Facing Expulsion from the Senate He Loves, Harrison Williams Finds Some Unlikely Supporters - 1982-02-01
"If they can do it to me and get away with it, every member of Congress must wonder when he might be secretly taped and manipulated into something that looked bad. Maybe it's not bad at all, but it can look bad."
When the 62-year-old Senator from New Jersey complains of the FBI tactics in Abscam that brought about his downfall, he is warning his fellow legislators who will be his judges: It could happen to you, too. This week the Senate reconvenes, and one of its tasks will be to consider the expulsion of Harrison "Pete" Williams. He was found guilty of bribery and conspiracy last year after a federal jury watched him on videotape assuring a bogus Arab sheik that he could obtain government contracts for a titanium mine in which Williams would receive shares.
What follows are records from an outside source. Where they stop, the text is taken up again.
(* Let $q$ be a prime power and let $M=(m_{ij})$ be a $2\times 2$ matrix over $\mathbb{F}_{q^2}$ with $m_{21}\neq 0$ and $m_{12}\neq 0$. Then: (i) $\sharp(\mathrm{Num}'_0(M))\ge\lceil (q+1)/2\rceil$; (ii) if $(-m_{12}/m_{21})^{q+1}\neq 1$, then $\sharp(\mathrm{Num}'_0(M))\ge q+1$.
   Context: The Hermitian form on $\mathbb{F}_{q^2}^n$ is $\langle u,v\rangle=\sum_i u_i^q v_i$. For an $n\times n$ matrix $M$ over $\mathbb{F}_{q^2}$ with $n\ge 2$, $\mathrm{Num}'_0(M)=\{\langle u,Mu\rangle: u\in\mathbb{F}_{q^2}^n\setminus\{0\},\ \langle u,u\rangle=0\}$. *)

theory Defs
  imports "HOL-Analysis.Analysis"
begin

definition herm :: "nat \<Rightarrow> ('a::field)^'n \<Rightarrow> 'a^'n \<Rightarrow> 'a" where
  "herm q u v = (\<Sum>i\<in>UNIV. (u $ i) ^ q * v $ i)"

definition Num0' :: "nat \<Rightarrow> ('a::field)^'n^'n \<Rightarrow> 'a set" where
  "Num0' q M = {herm q u (M *v u) | u. u \<noteq> 0 \<and> herm q u u = 0}"

end

theory Submission
  imports Defs "HOL-Computational_Algebra.Polynomial"
begin

text \<open>The isotropic vectors with first coordinate 1 are the \<open>(1, t)\<close> with \<open>t^(q+1) = -1\<close>,
  and there are \<open>q + 1\<close> such \<open>t\<close>: the norm \<open>x \<mapsto> x^(q+1)\<close> maps the \<open>q^2 - 1\<close> units into
  the \<open>q - 1\<close> roots of \<open>y^(q-1) = 1\<close> with fibres of size at most \<open>q + 1\<close>, so every fibre is
  full. For these vectors \<open>\<langle>u, Mu\<rangle> = m11 + m12 t + t^q (m21 + m22 t)\<close>, and as \<open>t^q = -1/t\<close>,
  two parameters \<open>t \<noteq> s\<close> give the same value only if \<open>t s = -m21/m12\<close>. So every value is
  taken at most twice, and only once if \<open>-m21/m12\<close> does not have norm 1, since \<open>t s\<close> has.\<close>

lemma card_le_mult_card_image:
  assumes "finite S" and "\<And>y. card {x \<in> S. g x = y} \<le> k"
  shows "card S \<le> k * card (g ` S)"
proof -
  have "card S = (\<Sum>y\<in>g ` S. card {x \<in> S. g x = y})"
    using sum.image_gen[OF assms(1), of "\<lambda>_. 1::nat" g] by simp
  also have "\<dots> \<le> (\<Sum>y\<in>g ` S. k)"
    by (rule sum_mono) (rule assms(2))
  finally show ?thesis
    by (simp add: mult.commute)
qed

lemma card_fibre_ge_of_card_eq_mult:
  assumes "finite S" "finite B" "g ` S \<subseteq> B" "card B \<le> n" "card S = n * k"
    and fibre_le: "\<And>z. card {x \<in> S. g x = z} \<le> k" and "y \<in> B"
  shows "k \<le> card {x \<in> S. g x = y}"
proof -
  let ?F = "\<lambda>z. card {x \<in> S. g x = z}"
  have "n * k = (\<Sum>z\<in>B. ?F z)"
    using sum.group[OF assms(1-3), of "\<lambda>_. 1::nat"] assms(5) by simp
  also have "\<dots> = ?F y + (\<Sum>z\<in>B - {y}. ?F z)"
    using assms(2,7) by (simp add: sum.remove)
  also have "(\<Sum>z\<in>B - {y}. ?F z) \<le> (n - 1) * k"
  proof -
    have "(\<Sum>z\<in>B - {y}. ?F z) \<le> card (B - {y}) * k"
      using sum_mono[of "B - {y}" ?F "\<lambda>_. k", OF fibre_le] by simp
    also have "\<dots> \<le> (n - 1) * k"
      using assms(2,4,7) by (simp add: card_Diff_singleton diff_le_mono)
    finally show ?thesis .
  qed
  finally have "n * k \<le> ?F y + (n - 1) * k"
    by simp
  moreover have "n * k = (n - 1) * k + k"
    using assms(2,4,7) card_gt_0_iff[of B] by (cases n) auto
  ultimately show ?thesis
    by linarith
qed

lemma card_le_two_mult_card_image:
  fixes g :: "'a::field \<Rightarrow> 'b"
  assumes "finite S" "0 \<notin> S" and collision: "\<And>t s. t \<in> S \<Longrightarrow> s \<in> S \<Longrightarrow> g t = g s \<Longrightarrow> t = s \<or> t * s = c"
  shows "card S \<le> 2 * card (g ` S)"
proof (rule card_le_mult_card_image[OF assms(1)])
  fix y
  show "card {x \<in> S. g x = y} \<le> 2"
  proof (cases "y \<in> g ` S")
    case True
    then obtain t where t: "t \<in> S" "g t = y"
      by blast
    have "{x \<in> S. g x = y} \<subseteq> {t, c / t}"
    proof
      fix x
      assume "x \<in> {x \<in> S. g x = y}"
      then have "x = t \<or> x * t = c"
        using t collision[of x t] by simp
      then show "x \<in> {t, c / t}"
        using t assms(2) by (auto simp: eq_divide_eq)
    qed
    then have "card {x \<in> S. g x = y} \<le> card {t, c / t}"
      by (rule card_mono[rotated]) simp
    also have "\<dots> \<le> 2"
      by (simp add: card_insert_if)
    finally show ?thesis .
  next
    case False
    then have "{x \<in> S. g x = y} = {}"
      by auto
    then show ?thesis
      by (metis card.empty le0)
  qed
qed

lemma card_image_eq_of_collision:
  assumes collision: "\<And>t s. t \<in> S \<Longrightarrow> s \<in> S \<Longrightarrow> g t = g s \<Longrightarrow> t = s \<or> t * s = c"
    and "\<And>t s. t \<in> S \<Longrightarrow> s \<in> S \<Longrightarrow> t * s \<noteq> c"
  shows "card (g ` S) = card S"
proof (rule card_image)
  show "inj_on g S"
    using assms by (intro inj_onI) blast
qed

lemma power_card_minus_one_eq_one:
  fixes x :: "'a::{field,finite}"
  assumes "x \<noteq> 0"
  shows "x ^ (CARD('a) - 1) = 1"
proof -
  let ?U = "UNIV - {0::'a}"
  have "bij_betw ((*) x) ?U ?U"
    using assms by (intro bij_betwI[where g = "\<lambda>y. y / x"]) auto
  then have "(\<Prod>y\<in>?U. y) = (\<Prod>y\<in>?U. x * y)"
    by (rule prod.reindex_bij_betw[symmetric])
  also have "\<dots> = x ^ card ?U * (\<Prod>y\<in>?U. y)"
    by (simp add: prod.distrib)
  finally have "x ^ card ?U = 1"
    by simp
  then show ?thesis
    by (simp add: card_Diff_singleton)
qed

lemma card_roots_of_power_le:
  fixes c :: "'a::idom"
  assumes "n > 0"
  shows "card {x. x ^ n = c} \<le> n"
proof -
  let ?p = "monom 1 n + [:-c:]"
  have deg: "degree ?p = n"
    using assms by (subst degree_add_eq_left) (auto simp: degree_monom_eq)
  then have "?p \<noteq> 0"
    using assms by auto
  then have "card {x. poly ?p x = 0} \<le> n"
    using card_poly_roots_bound deg by metis
  moreover have "{x. poly ?p x = 0} = {x. x ^ n = c}"
    by (simp add: poly_monom)
  ultimately show ?thesis
    by simp
qed

lemma two_le_of_card_eq_square:
  assumes "CARD('a::{field,finite}) = q ^ 2"
  shows "2 \<le> q"
proof (rule ccontr)
  assume "\<not> 2 \<le> q"
  then have "CARD('a) \<le> 1"
    using assms power_le_one[of q 2] by simp
  moreover have "card {0::'a, 1} \<le> CARD('a)"
    by (rule card_mono) auto
  ultimately show False
    by simp
qed

lemma card_norm_fibre:
  fixes c :: "'a::{field,finite}"
  assumes card: "CARD('a) = q ^ 2" and c: "c ^ (q - 1) = 1"
  shows "card {t::'a. t ^ (q + 1) = c} = q + 1"
proof (rule antisym)
  show "card {t::'a. t ^ (q + 1) = c} \<le> q + 1"
    by (rule card_roots_of_power_le) simp
next
  have q: "2 \<le> q"
    using two_le_of_card_eq_square[OF card] .
  let ?U = "UNIV - {0::'a}"
  let ?R = "{y::'a. y ^ (q - 1) = 1}"
  have split: "q ^ 2 - 1 = (q - 1) * (q + 1)"
    by (cases q) (simp_all add: power2_eq_square)
  have "(x ^ (q + 1)) ^ (q - 1) = 1" if "x \<noteq> 0" for x :: 'a
  proof -
    have "(x ^ (q + 1)) ^ (q - 1) = x ^ (CARD('a) - 1)"
      unfolding card split by (metis power_mult mult.commute)
    also have "\<dots> = 1"
      by (rule power_card_minus_one_eq_one[OF that])
    finally show ?thesis .
  qed
  then have into: "(\<lambda>x. x ^ (q + 1)) ` ?U \<subseteq> ?R"
    by auto
  have card_R: "card ?R \<le> q - 1"
    using q by (intro card_roots_of_power_le) simp
  have card_U: "card ?U = (q - 1) * (q + 1)"
    unfolding split[symmetric] by (simp add: card_Diff_singleton card)
  have fibre: "card {x \<in> ?U. x ^ (q + 1) = z} \<le> q + 1" for z
  proof -
    have "card {x \<in> ?U. x ^ (q + 1) = z} \<le> card {x::'a. x ^ (q + 1) = z}"
      by (rule card_mono) auto
    also have "\<dots> \<le> q + 1"
      by (rule card_roots_of_power_le) simp
    finally show ?thesis .
  qed
  have "q + 1 \<le> card {x \<in> ?U. x ^ (q + 1) = c}"
    by (rule card_fibre_ge_of_card_eq_mult[OF _ _ into card_R card_U fibre]) (use c in simp_all)
  also have "\<dots> \<le> card {t::'a. t ^ (q + 1) = c}"
    by (rule card_mono) auto
  finally show "q + 1 \<le> card {t::'a. t ^ (q + 1) = c}" .
qed

text \<open>For even \<open>q\<close> the field has characteristic 2, as \<open>(-1)^(q^2-1) = 1\<close> with an odd exponent.\<close>

lemma minus_one_power_pred_eq_one:
  assumes card: "CARD('a::{field,finite}) = q ^ 2"
  shows "(-1::'a) ^ (q - 1) = 1"
proof (cases "even q")
  case True
  have "odd (q ^ 2 - 1)"
    using True two_le_of_card_eq_square[OF card] by auto
  then have "(-1::'a) = 1"
    using power_card_minus_one_eq_one[of "-1::'a"] card by simp
  then show ?thesis
    by (metis power_one)
next
  case False
  then have "even (q - 1)"
    using two_le_of_card_eq_square[OF card] by auto
  then show ?thesis
    by simp
qed

lemma herm_vector_one_self:
  fixes t :: "'a::field"
  shows "herm q (vector [1, t] :: 'a^2) (vector [1, t]) = 1 + t ^ (q + 1)"
  by (simp add: herm_def sum_2 mult.commute)

lemma herm_vector_one_matrix:
  fixes M :: "('a::field)^2^2"
  shows "herm q (vector [1, t]) (M *v vector [1, t])
    = M $ 1 $ 1 + M $ 1 $ 2 * t + t ^ q * (M $ 2 $ 1 + M $ 2 $ 2 * t)"
  by (simp add: herm_def sum_2 matrix_vector_mult_def)

lemma herm_vector_one_mem_Num0':
  fixes M :: "('a::field)^2^2"
  assumes "t ^ (q + 1) = -1"
  shows "herm q (vector [1, t]) (M *v vector [1, t]) \<in> Num0' q M"
proof -
  have "vector [1, t] \<noteq> (0::'a^2)"
    by (metis vector_2(1) zero_index one_neq_zero)
  then show ?thesis
    using assms herm_vector_one_self[of q t] unfolding Num0'_def by auto
qed

lemma norm_minus_one_collision:
  fixes a b c d t s :: "'a::field"
  assumes t: "t ^ (q + 1) = -1" and s: "s ^ (q + 1) = -1" and "a \<noteq> 0"
    and eq: "c + a * t + t ^ q * (b + d * t) = c + a * s + s ^ q * (b + d * s)"
  shows "t = s \<or> t * s = - b / a"
proof -
  have tq: "t ^ q * t = -1" and sq: "s ^ q * s = -1"
    using t s by (simp_all add: mult.commute)
  have "t ^ q * (b + d * t) = b * t ^ q + d * (t ^ q * t)"
    and "s ^ q * (b + d * s) = b * s ^ q + d * (s ^ q * s)"
    by (simp_all add: algebra_simps)
  then have "a * t + b * t ^ q = a * s + b * s ^ q"
    using eq tq sq by simp
  moreover have "(t - s) * (a * (t * s) + b) = 0"
    if "x * t = -1" "y * s = -1" "a * t + b * x = a * s + b * y" for x y
    using that by algebra
  ultimately have "(t - s) * (a * (t * s) + b) = 0"
    using tq sq by blast
  then show ?thesis
    using \<open>a \<noteq> 0\<close> by (auto simp: eq_divide_eq add_eq_0_iff mult.commute)
qed

lemma herm_vector_one_collision:
  fixes M :: "('a::field)^2^2"
  assumes "t ^ (q + 1) = -1" "s ^ (q + 1) = -1" "M $ 1 $ 2 \<noteq> 0"
    and "herm q (vector [1, t]) (M *v vector [1, t]) = herm q (vector [1, s]) (M *v vector [1, s])"
  shows "t = s \<or> t * s = - M $ 2 $ 1 / M $ 1 $ 2"
  using assms(4) unfolding herm_vector_one_matrix by (rule norm_minus_one_collision[OF assms(1-3)])

lemma norm_mult_eq_one:
  fixes t s :: "'a::comm_ring_1"
  assumes "t ^ (q + 1) = -1" "s ^ (q + 1) = -1"
  shows "(t * s) ^ (q + 1) = 1"
  using assms by (simp only: power_mult_distrib) simp

lemma power_minus_divide_swap_ne_one:
  fixes a b :: "'a::field"
  assumes "(- a / b) ^ n \<noteq> 1"
  shows "(- b / a) ^ n \<noteq> 1"
proof -
  have "- b / a = inverse (- a / b)"
    by simp
  then have "(- b / a) ^ n = inverse ((- a / b) ^ n)"
    by (simp only: power_inverse)
  then show ?thesis
    using assms by simp
qed

theorem proposition4:
  fixes M :: "('a::{field,finite})^2^2" and q :: nat
  assumes "\<exists>p k. prime p \<and> k > 0 \<and> q = p ^ k"
    and "CARD('a) = q ^ 2"
    and "M $ 2 $ 1 \<noteq> 0" and "M $ 1 $ 2 \<noteq> 0"
  shows "int (card (Num0' q M)) \<ge> \<lceil>real (q + 1) / 2\<rceil>
    \<and> ((- M $ 1 $ 2 / M $ 2 $ 1) ^ (q + 1) \<noteq> 1 \<longrightarrow> card (Num0' q M) \<ge> q + 1)"
proof -
  define T where "T = {t::'a. t ^ (q + 1) = -1}"
  define f where "f t = herm q (vector [1, t]) (M *v vector [1, t])" for t
  let ?c = "- M $ 2 $ 1 / M $ 1 $ 2"
  have card_T: "card T = q + 1"
    unfolding T_def by (rule card_norm_fibre[OF assms(2) minus_one_power_pred_eq_one[OF assms(2)]])
  have f_T: "card (f ` T) \<le> card (Num0' q M)"
    by (rule card_mono) (auto simp: f_def T_def herm_vector_one_mem_Num0')
  have collision: "t = s \<or> t * s = ?c" if "t \<in> T" "s \<in> T" "f t = f s" for t s
    using herm_vector_one_collision[OF _ _ assms(4)] that unfolding T_def f_def by blast
  have "card T \<le> 2 * card (f ` T)"
  proof (rule card_le_two_mult_card_image[where c = ?c])
    show "0 \<notin> T"
      by (simp add: T_def)
  qed (simp, rule collision)
  then have "q + 1 \<le> 2 * card (Num0' q M)"
    using f_T card_T by linarith
  then have "real (q + 1) / 2 \<le> real (card (Num0' q M))"
    using of_nat_mono[where 'a = real] by fastforce
  moreover have "q + 1 \<le> card (Num0' q M)"
    if not_norm_one: "(- M $ 1 $ 2 / M $ 2 $ 1) ^ (q + 1) \<noteq> 1"
  proof -
    have "t * s \<noteq> ?c" if "t \<in> T" "s \<in> T" for t s
      using norm_mult_eq_one[of t q s] that power_minus_divide_swap_ne_one[OF not_norm_one]
      by (auto simp: T_def)
    with collision have "card (f ` T) = card T"
      by (rule card_image_eq_of_collision)
    then show ?thesis
      using f_T card_T by simp
  qed
  ultimately show ?thesis
    by (simp add: ceiling_le_iff)
qed

end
If his appeal is not successful, Williams will become the first U.S. Senator since 1906 to be convicted of a crime. He has yet to be sentenced, but if his colleagues follow the Senate Ethics Committee recommendation, it will be the first time that expulsion has been imposed on a U.S. Senator since the Civil War. His friends agree it will also be the ultimate humiliation for a man who has spent 23 years in the upper house. "The Senate," Williams' first wife, Nancy, says, "was his whole life."